[Items from a dataset]
(* Let $n,m\in\mathbb{N}$ and $f:\mathbb{F}_2^n\to\mathbb{F}_2$. Then $f$ is $m$-bent if and only if $C^{(m)}_f(\mathbf{z})=0$ for all $\mathbf{z}\in\mathbb{F}_2^n\setminus\{0^n\}$ and $C^{(m)}_f(0^n)=2^n$.
   Context: $\zeta_m=e^{2\pi i/m}$; $wt$ is Hamming weight; $\mathbf{x}\cdot\mathbf{y}=\bigoplus_i x_iy_i\in\mathbb{F}_2$; $\mathbf{x}\odot\mathbf{y}=\sum_i x_iy_i$ computed in the integers. The $m$-Hadamard transform is $\mathcal{H}^{(m)}_f(\boldsymbol{\omega})=2^{-n/2}\sum_{\mathbf{x}\in\mathbb{F}_2^n}(-1)^{f(\mathbf{x})\oplus\mathbf{x}\cdot\boldsymbol{\omega}}\zeta_m^{wt(\mathbf{x})}$; $f$ is called $m$-bent if $|\mathcal{H}^{(m)}_f(\boldsymbol{\omega})|=1$ for all $\boldsymbol{\omega}\in\mathbb{F}_2^n$. The $m$-autocorrelation is $C^{(m)}_{f}(\mathbf{y})=\sum_{\mathbf{x}\in\mathbb{F}_2^n}(-1)^{f(\mathbf{x})\oplus f(\mathbf{x}\oplus\mathbf{y})}(\zeta_m^2)^{\mathbf{x}\odot\mathbf{y}}$. *)

theory Defs
  imports "HOL-Analysis.Analysis"
begin

text \<open>Vectors of F_2^n are modelled as boolean lists of length n (True = 1).\<close>

definition vecs :: "nat \<Rightarrow> bool list set" where
  "vecs n = {xs. length xs = n}"

definition bit :: "bool \<Rightarrow> nat" where
  "bit b = (if b then 1 else 0)"

definition wt :: "bool list \<Rightarrow> nat" where
  "wt xs = length (filter id xs)"

definition dotF2 :: "bool list \<Rightarrow> bool list \<Rightarrow> bool" where
  "dotF2 x y = odd (\<Sum>i<length x. bit (x ! i \<and> y ! i))"

definition dotZ :: "bool list \<Rightarrow> bool list \<Rightarrow> nat" where
  "dotZ x y = (\<Sum>i<length x. bit (x ! i \<and> y ! i))"

definition xorv :: "bool list \<Rightarrow> bool list \<Rightarrow> bool list" where
  "xorv x y = map2 (\<noteq>) x y"

definition sgn1 :: "bool \<Rightarrow> complex" where
  "sgn1 b = (if b then -1 else 1)"

definition zeta :: "nat \<Rightarrow> complex" where
  "zeta m = exp (2 * of_real pi * \<i> / of_nat m)"

definition mHadamard :: "nat \<Rightarrow> nat \<Rightarrow> (bool list \<Rightarrow> bool) \<Rightarrow> bool list \<Rightarrow> complex" where
  "mHadamard m n f w = (1 / of_real (sqrt (2 ^ n))) *
     (\<Sum>x\<in>vecs n. sgn1 (f x \<noteq> dotF2 x w) * zeta m ^ wt x)"

definition m_bent :: "nat \<Rightarrow> nat \<Rightarrow> (bool list \<Rightarrow> bool) \<Rightarrow> bool" where
  "m_bent m n f = (\<forall>w\<in>vecs n. norm (mHadamard m n f w) = 1)"

definition mAutocorr :: "nat \<Rightarrow> nat \<Rightarrow> (bool list \<Rightarrow> bool) \<Rightarrow> bool list \<Rightarrow> complex" where
  "mAutocorr m n f y = (\<Sum>x\<in>vecs n. sgn1 (f x \<noteq> f (xorv x y)) * (zeta m ^ 2) ^ dotZ x y)"

end

theory Submission
  imports Defs
begin

(* Put g(x) = (-1)^f(x) zeta_m^wt(x). The m-Hadamard transform of f is the normalised ordinary
   Walsh-Hadamard transform G of the complex function g. Since wt(x + z) = wt x + wt z - 2 (x (.) z)
   and |zeta_m| = 1, the m-autocorrelation C(z) is zeta_m^wt(z) times the ordinary autocorrelation
   A(z) = sum_x g(x) conj(g(x + z)). By the Wiener-Khinchin identity the Walsh transform of A is
   |G|^2, and by Walsh inversion |G|^2 is the constant 2^n exactly when A = 2^n delta_0. *)

lemma finite_vecs [simp]: "finite (vecs n)"
  using finite_lists_length_eq[of "UNIV :: bool set" n] by (simp add: vecs_def)

lemma card_vecs: "card (vecs n) = 2 ^ n"
  using card_lists_length_eq[of "UNIV :: bool set" n] by (simp add: vecs_def)

lemma replicate_False_in_vecs [simp]: "replicate n False \<in> vecs n"
  by (simp add: vecs_def)

lemma dotZ_Nil [simp]: "dotZ [] y = 0"
  by (simp add: dotZ_def)

lemma dotZ_Cons [simp]: "dotZ (a # x) (b # y) = bit (a \<and> b) + dotZ x y"
  unfolding dotZ_def by (simp only: length_Cons sum.lessThan_Suc_shift) simp

lemma dotF2_eq_odd_dotZ: "dotF2 x y = odd (dotZ x y)"
  by (simp add: dotF2_def dotZ_def)

lemma wt_Nil [simp]: "wt [] = 0"
  by (simp add: wt_def)

lemma wt_Cons [simp]: "wt (a # x) = bit a + wt x"
  by (simp add: wt_def bit_def)

lemma xorv_Nil [simp]: "xorv [] y = []"
  by (simp add: xorv_def)

lemma xorv_Cons [simp]: "xorv (a # x) (b # y) = (a \<noteq> b) # xorv x y"
  by (simp add: xorv_def)

lemma length_xorv [simp]: "length (xorv x y) = min (length x) (length y)"
  by (simp add: xorv_def)

lemma xorv_xorv_cancel: "length x = length z \<Longrightarrow> xorv x (xorv x z) = z"
  by (induction x z rule: list_induct2) auto

lemma xorv_replicate_False [simp]: "xorv x (replicate (length x) False) = x"
  by (induction x) auto

lemma xorv_eq_replicate_False_iff:
  "length y = length z \<Longrightarrow> xorv y z = replicate (length y) False \<longleftrightarrow> y = z"
  by (induction y z rule: list_induct2) auto

lemma dotZ_replicate_False [simp]: "dotZ x (replicate (length x) False) = 0"
  by (induction x) (auto simp: bit_def)

lemma dotF2_replicate_False [simp]: "dotF2 (replicate n False) w = False"
  by (simp add: dotF2_def bit_def)

lemma dotF2_Cons: "dotF2 (a # x) (b # y) = ((a \<and> b) \<noteq> dotF2 x y)"
  by (auto simp: dotF2_eq_odd_dotZ bit_def)

lemma dotF2_commute: "length x = length y \<Longrightarrow> dotF2 x y = dotF2 y x"
  by (induction x y rule: list_induct2) (auto simp: dotF2_Cons)

lemma dotF2_xorv:
  "\<lbrakk>length x = length y; length y = length w\<rbrakk> \<Longrightarrow> dotF2 (xorv x y) w = (dotF2 x w \<noteq> dotF2 y w)"
proof (induction x y arbitrary: w rule: list_induct2)
  case Nil
  then show ?case by (simp add: dotF2_eq_odd_dotZ)
next
  case (Cons a x b y)
  then obtain c w' where "w = c # w'" by (cases w) auto
  with Cons show ?case by (auto simp: dotF2_Cons)
qed

lemma wt_xorv: "length x = length z \<Longrightarrow> wt (xorv x z) + 2 * dotZ x z = wt x + wt z"
  by (induction x z rule: list_induct2) (auto simp: bit_def)

lemma sgn1_mult: "sgn1 a * sgn1 b = sgn1 (a \<noteq> b)"
  by (simp add: sgn1_def)

lemma cnj_sgn1 [simp]: "cnj (sgn1 a) = sgn1 a"
  by (simp add: sgn1_def)

lemma sum_vecs_Suc:
  "(\<Sum>w\<in>vecs (Suc n). h w) = (\<Sum>w\<in>vecs n. h (True # w)) + (\<Sum>w\<in>vecs n. h (False # w))"
proof -
  have "vecs (Suc n) = (\<lambda>(b, w). b # w) ` (UNIV \<times> vecs n)"
    by (auto simp: vecs_def image_iff length_Suc_conv)
  then have "(\<Sum>w\<in>vecs (Suc n). h w) = (\<Sum>(b, w)\<in>UNIV \<times> vecs n. h (b # w))"
    by (simp add: sum.reindex inj_on_def case_prod_beta)
  also have "\<dots> = (\<Sum>w\<in>vecs n. h (True # w)) + (\<Sum>w\<in>vecs n. h (False # w))"
    by (simp add: sum.cartesian_product[symmetric] UNIV_bool add.commute)
  finally show ?thesis .
qed

lemma sum_vecs_reindex_xorv:
  "x \<in> vecs n \<Longrightarrow> (\<Sum>y\<in>vecs n. h y) = (\<Sum>z\<in>vecs n. h (xorv x z))"
  by (rule sum.reindex_bij_witness[where i = "xorv x" and j = "xorv x"])
     (auto simp: vecs_def xorv_xorv_cancel)

lemma sum_sgn1_dotF2:
  "z \<in> vecs n \<Longrightarrow> (\<Sum>w\<in>vecs n. sgn1 (dotF2 z w)) = (if z = replicate n False then 2 ^ n else 0)"
proof (induction n arbitrary: z)
  case 0
  then show ?case by (simp add: vecs_def dotF2_def sgn1_def)
next
  case (Suc n)
  then obtain a z' where z: "z = a # z'" "z' \<in> vecs n"
    by (cases z) (auto simp: vecs_def)
  have flip: "(\<Sum>w\<in>vecs n. sgn1 (\<not> dotF2 z' w)) = - (\<Sum>w\<in>vecs n. sgn1 (dotF2 z' w))"
    unfolding sum_negf[symmetric] by (rule sum.cong) (auto simp: sgn1_def)
  show ?case
    using Suc.IH[OF z(2)] flip by (cases a) (simp_all add: sum_vecs_Suc z dotF2_Cons)
qed

definition walsh :: "nat \<Rightarrow> (bool list \<Rightarrow> complex) \<Rightarrow> bool list \<Rightarrow> complex" where
  "walsh n g w = (\<Sum>x\<in>vecs n. g x * sgn1 (dotF2 x w))"

definition autocorr :: "nat \<Rightarrow> (bool list \<Rightarrow> complex) \<Rightarrow> bool list \<Rightarrow> complex" where
  "autocorr n g z = (\<Sum>x\<in>vecs n. g x * cnj (g (xorv x z)))"

lemma sgn1_dotF2_mult:
  "\<lbrakk>x \<in> vecs n; y \<in> vecs n; w \<in> vecs n\<rbrakk> \<Longrightarrow>
    sgn1 (dotF2 x w) * sgn1 (dotF2 y w) = sgn1 (dotF2 (xorv x y) w)"
  by (simp add: vecs_def dotF2_xorv sgn1_mult)

lemma walsh_autocorr:
  assumes w: "w \<in> vecs n"
  shows "walsh n (autocorr n g) w = walsh n g w * cnj (walsh n g w)"
proof -
  have "walsh n (autocorr n g) w =
      (\<Sum>x\<in>vecs n. \<Sum>z\<in>vecs n. g x * cnj (g (xorv x z)) * sgn1 (dotF2 z w))"
    unfolding walsh_def autocorr_def sum_distrib_right by (rule sum.swap)
  also have "\<dots> = (\<Sum>x\<in>vecs n. \<Sum>y\<in>vecs n. g x * cnj (g y) * sgn1 (dotF2 (xorv x y) w))"
  proof (rule sum.cong [OF refl])
    fix x assume x: "x \<in> vecs n"
    show "(\<Sum>z\<in>vecs n. g x * cnj (g (xorv x z)) * sgn1 (dotF2 z w)) =
        (\<Sum>y\<in>vecs n. g x * cnj (g y) * sgn1 (dotF2 (xorv x y) w))"
      using sum_vecs_reindex_xorv[OF x, of "\<lambda>y. g x * cnj (g y) * sgn1 (dotF2 (xorv x y) w)"] x
      by (auto simp: vecs_def xorv_xorv_cancel intro: sum.cong)
  qed
  also have "\<dots> = (\<Sum>x\<in>vecs n. \<Sum>y\<in>vecs n. g x * sgn1 (dotF2 x w) * cnj (g y * sgn1 (dotF2 y w)))"
    using w by (intro sum.cong refl) (simp add: sgn1_dotF2_mult[symmetric])
  also have "\<dots> = walsh n g w * cnj (walsh n g w)"
    by (simp add: walsh_def sum_product cnj_sum)
  finally show ?thesis .
qed

lemma walsh_walsh:
  assumes y: "y \<in> vecs n"
  shows "walsh n (walsh n F) y = 2 ^ n * F y"
proof -
  have "sgn1 (dotF2 z w) * sgn1 (dotF2 w y) = sgn1 (dotF2 (xorv z y) w)"
    if "z \<in> vecs n" "w \<in> vecs n" for z w
    using that y sgn1_dotF2_mult[of z n y w] by (simp add: vecs_def dotF2_commute[of w y])
  then have "walsh n (walsh n F) y = (\<Sum>z\<in>vecs n. F z * (\<Sum>w\<in>vecs n. sgn1 (dotF2 (xorv z y) w)))"
    unfolding walsh_def sum_distrib_left sum_distrib_right
    by (subst sum.swap) (simp add: mult.assoc)
  also have "\<dots> = (\<Sum>z\<in>vecs n. F z * (if z = y then 2 ^ n else 0))"
  proof (intro sum.cong refl)
    fix z assume z: "z \<in> vecs n"
    then have "xorv z y \<in> vecs n" and "xorv z y = replicate n False \<longleftrightarrow> z = y"
      using y xorv_eq_replicate_False_iff[of z y] by (auto simp: vecs_def)
    then show "F z * (\<Sum>w\<in>vecs n. sgn1 (dotF2 (xorv z y) w)) = F z * (if z = y then 2 ^ n else 0)"
      by (simp add: sum_sgn1_dotF2)
  qed
  also have "\<dots> = 2 ^ n * F y"
    using y by (simp add: if_distrib[of "\<lambda>t. F _ * t"] mult.commute cong: if_cong)
  finally show ?thesis .
qed

lemma walsh_eq_const_iff:
  "(\<forall>w\<in>vecs n. walsh n F w = c) \<longleftrightarrow> (\<forall>z\<in>vecs n. F z = (if z = replicate n False then c else 0))"
proof
  assume const: "\<forall>w\<in>vecs n. walsh n F w = c"
  show "\<forall>z\<in>vecs n. F z = (if z = replicate n False then c else 0)"
  proof
    fix y assume y: "y \<in> vecs n"
    have "2 ^ n * F y = (\<Sum>w\<in>vecs n. c * sgn1 (dotF2 y w))"
      using y const by (auto simp: walsh_walsh[symmetric] walsh_def vecs_def dotF2_commute intro: sum.cong)
    also have "\<dots> = 2 ^ n * (if y = replicate n False then c else 0)"
      using y by (simp add: sum_distrib_left[symmetric] sum_sgn1_dotF2)
    finally show "F y = (if y = replicate n False then c else 0)"
      by simp
  qed
next
  assume delta: "\<forall>z\<in>vecs n. F z = (if z = replicate n False then c else 0)"
  show "\<forall>w\<in>vecs n. walsh n F w = c"
  proof
    fix w
    have "walsh n F w = (\<Sum>z\<in>vecs n. if z = replicate n False then c else 0)"
      unfolding walsh_def using delta by (intro sum.cong) (auto simp: sgn1_def)
    then show "walsh n F w = c"
      by simp
  qed
qed

definition zeta_twist :: "nat \<Rightarrow> (bool list \<Rightarrow> bool) \<Rightarrow> bool list \<Rightarrow> complex" where
  "zeta_twist m f x = sgn1 (f x) * zeta m ^ wt x"

lemma norm_zeta [simp]: "norm (zeta m) = 1"
  by (simp add: zeta_def norm_exp_eq_Re)

lemma zeta_nonzero [simp]: "zeta m \<noteq> 0"
  by (simp add: zeta_def)

lemma zeta_mult_cnj: "zeta m * cnj (zeta m) = 1"
  using complex_norm_square[of "zeta m"] by simp

lemma mHadamard_eq_walsh:
  "mHadamard m n f w = walsh n (zeta_twist m f) w / of_real (sqrt (2 ^ n))"
  unfolding mHadamard_def walsh_def zeta_twist_def
  by (simp add: sum_divide_distrib) (rule sum.cong, auto simp: sgn1_def)

lemma norm_divide_sqrt_eq_1_iff:
  assumes "c > 0"
  shows "norm (z / complex_of_real (sqrt c)) = 1 \<longleftrightarrow> z * cnj z = complex_of_real c"
proof -
  have "norm (z / complex_of_real (sqrt c)) = 1 \<longleftrightarrow> norm z = sqrt c"
    using assms by (auto simp: norm_divide)
  also have "\<dots> \<longleftrightarrow> norm z ^ 2 = c"
    using assms by (auto simp: real_sqrt_unique)
  also have "\<dots> \<longleftrightarrow> z * cnj z = complex_of_real c"
    by (metis complex_norm_square of_real_eq_iff)
  finally show ?thesis .
qed

lemma m_bent_iff_walsh:
  "m_bent m n f \<longleftrightarrow> (\<forall>w\<in>vecs n. walsh n (zeta_twist m f) w * cnj (walsh n (zeta_twist m f) w) = 2 ^ n)"
  using norm_divide_sqrt_eq_1_iff[of "2 ^ n"] by (simp add: m_bent_def mHadamard_eq_walsh)

lemma mAutocorr_eq_autocorr:
  assumes z: "z \<in> vecs n"
  shows "mAutocorr m n f z = zeta m ^ wt z * autocorr n (zeta_twist m f) z"
  unfolding mAutocorr_def autocorr_def sum_distrib_left
proof (rule sum.cong [OF refl])
  fix x assume x: "x \<in> vecs n"
  let ?u = "zeta m" and ?a = "wt (xorv x z)" and ?d = "dotZ x z"
  have "?u ^ wt z * ?u ^ wt x * cnj ?u ^ ?a = ?u ^ (?a + 2 * ?d) * cnj ?u ^ ?a"
    using wt_xorv[of x z] x z by (simp add: vecs_def power_add[symmetric] add.commute)
  also have "\<dots> = (?u * cnj ?u) ^ ?a * (?u ^ 2) ^ ?d"
    unfolding power_add power_mult power_mult_distrib by (simp add: mult_ac)
  finally have phase: "?u ^ wt z * ?u ^ wt x * cnj ?u ^ ?a = (?u ^ 2) ^ ?d"
    by (simp add: zeta_mult_cnj)
  have "?u ^ wt z * (zeta_twist m f x * cnj (zeta_twist m f (xorv x z))) =
      sgn1 (f x \<noteq> f (xorv x z)) * (?u ^ wt z * ?u ^ wt x * cnj ?u ^ ?a)"
    by (simp add: zeta_twist_def sgn1_def mult_ac)
  then show "sgn1 (f x \<noteq> f (xorv x z)) * (?u ^ 2) ^ ?d =
      ?u ^ wt z * (zeta_twist m f x * cnj (zeta_twist m f (xorv x z)))"
    by (simp only: phase)
qed

lemma mAutocorr_zero: "mAutocorr m n f (replicate n False) = 2 ^ n"
proof -
  have "mAutocorr m n f (replicate n False) = (\<Sum>x\<in>vecs n. 1)"
    unfolding mAutocorr_def by (intro sum.cong) (auto simp: vecs_def sgn1_def)
  then show ?thesis
    by (simp add: card_vecs)
qed

theorem theorem6:
  fixes n m :: nat and f :: "bool list \<Rightarrow> bool"
  assumes "m \<ge> 1"
  shows "m_bent m n f \<longleftrightarrow>
    ((\<forall>z\<in>vecs n. z \<noteq> replicate n False \<longrightarrow> mAutocorr m n f z = 0) \<and>
     mAutocorr m n f (replicate n False) = 2 ^ n)"
proof -
  let ?g = "zeta_twist m f" and ?zero = "replicate n False"
  have autocorr_zero: "autocorr n ?g ?zero = 2 ^ n"
    using mAutocorr_eq_autocorr[of ?zero n m f] by (simp add: mAutocorr_zero wt_def)
  have "m_bent m n f \<longleftrightarrow> (\<forall>w\<in>vecs n. walsh n (autocorr n ?g) w = 2 ^ n)"
    by (simp add: m_bent_iff_walsh walsh_autocorr)
  also have "\<dots> \<longleftrightarrow> (\<forall>z\<in>vecs n. autocorr n ?g z = (if z = ?zero then 2 ^ n else 0))"
    by (rule walsh_eq_const_iff)
  also have "\<dots> \<longleftrightarrow> (\<forall>z\<in>vecs n. z \<noteq> ?zero \<longrightarrow> autocorr n ?g z = 0)"
    using autocorr_zero by auto
  also have "\<dots> \<longleftrightarrow> (\<forall>z\<in>vecs n. z \<noteq> ?zero \<longrightarrow> mAutocorr m n f z = 0)"
    by (simp add: mAutocorr_eq_autocorr)
  finally show ?thesis
    by (simp add: mAutocorr_zero)
qed

end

• _YOUR GOAL_: Taking the entries above, write out exactly each line from the one holding "proof (induction n arbitrary: z)" to the one holding "n. sgn1 (\<not>", both included, and stop there.

• _ANSWER BELOW_:
proof (induction n arbitrary: z)
  case 0
  then show ?case by (simp add: vecs_def dotF2_def sgn1_def)
next
  case (Suc n)
  then obtain a z' where z: "z = a # z'" "z' \<in> vecs n"
    by (cases z) (auto simp: vecs_def)
  have flip: "(\<Sum>w\<in>vecs n. sgn1 (\<not> dotF2 z' w)) = - (\<Sum>w\<in>vecs n. sgn1 (dotF2 z' w))"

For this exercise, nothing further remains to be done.